WHAT IS REQUIRED: Within the data beneath, some lines may hold the word "have". Give the number of those lines and nothing else.

*** EXERCISE INPUTS ***

text \<open>Elements of F_tau, represented as maps real => real that are the identity
outside [0,1]. Such a map is a PL
homeomorphism of [0,1] (positive slopes, continuous, f 0 = 0, f 1 = 1), and
every element of G([0,1]; Z[tau], <tau>) is of this form.\<close>
definition F_tau_elem :: "(real \<Rightarrow> real) \<Rightarrow> bool" where
  "F_tau_elem f \<longleftrightarrow>
     (\<forall>x. x \<notin> {0..1} \<longrightarrow> f x = x) \<and> f 0 = 0 \<and> f 1 = 1 \<and>
     (\<exists>xs :: real list. \<exists>ks :: int list.
        length xs = length ks + 1 \<and> hd xs = 0 \<and> last xs = 1 \<and>
        sorted_wrt (<) xs \<and> set xs \<subseteq> Ztau \<and>
        (\<forall>i < length ks. \<forall>x \<in> {xs ! i .. xs ! Suc i}.
            f x = f (xs ! i) + tau powi (ks ! i) * (x - xs ! i)))"

definition F_tau :: "(real \<Rightarrow> real) monoid" where
  "F_tau = \<lparr>carrier = {f. F_tau_elem f}, mult = (\<circ>), one = id\<rparr>"

definition supp :: "(real \<Rightarrow> real) \<Rightarrow> real set" where
  "supp f = closure {x \<in> {0..1}. f x \<noteq> x}"

definition F_tau_sub :: "real \<Rightarrow> real \<Rightarrow> (real \<Rightarrow> real) monoid" where
  "F_tau_sub a b = F_tau\<lparr>carrier := {f \<in> carrier F_tau. supp f \<subseteq> {a..b}}\<rparr>"

end

(*
  Conjugation by a homeomorphism h of the real line that maps [a, b] onto [0, 1] piecewise
  affinely, with breakpoints in Z[tau] and slopes in tau^Z, and is a translation outside [a, b],
  carries F_tau[a, b] onto F_tau.  Such an h exists as soon as b - a is a positive element of
  Z[tau].  Indeed, the lengths L for which [0, L] is equivalent to [0, 1] in this sense contain
  every tau^k (scaling) and are closed under addition, because 1 = tau + tau^2 ~ tau + tau = 2 tau
  ~ 2 folds [0, 2] back onto [0, 1]; and every positive element of Z[tau] is a sum of powers of
  tau, by the descent m tau^j + n tau^(j+1) = (m + n) tau^(j+1) + m tau^(j+2).
*)

theory Submission
  imports Defs
begin

lemma tau_pos: "0 < tau"
proof -
  have "1 < sqrt 5" by (simp add: real_less_rsqrt)
  then show ?thesis unfolding tau_def by simp
qed

lemma tau_less_1: "tau < 1"
proof -
  have "sqrt 5 < 3" by (simp add: real_sqrt_less_iff real_less_lsqrt)
  then show ?thesis unfolding tau_def by simp
qed

lemma tau_square: "tau * tau = 1 - tau"
  unfolding tau_def by (simp add: field_simps)

lemma inverse_tau: "inverse tau = 1 + tau"
  using tau_square tau_pos by (simp add: field_simps)

lemma tau_powi_pos [simp]: "0 < tau powi k"
  using tau_pos by simp

lemma tau_powi_add: "tau powi (j + k) = tau powi j * tau powi k"
  using tau_pos by (simp add: power_int_add)

lemma tau_powi_uminus_mult [simp]: "tau powi (- k) * tau powi k = 1"
  using tau_pos by (simp add: power_int_minus)

lemma tau_powi_mult_uminus [simp]: "tau powi k * tau powi (- k) = 1"
  using tau_pos by (simp add: power_int_minus)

*** End of EXERCISE INPUTS ***

FINISHED EXERCISE: 2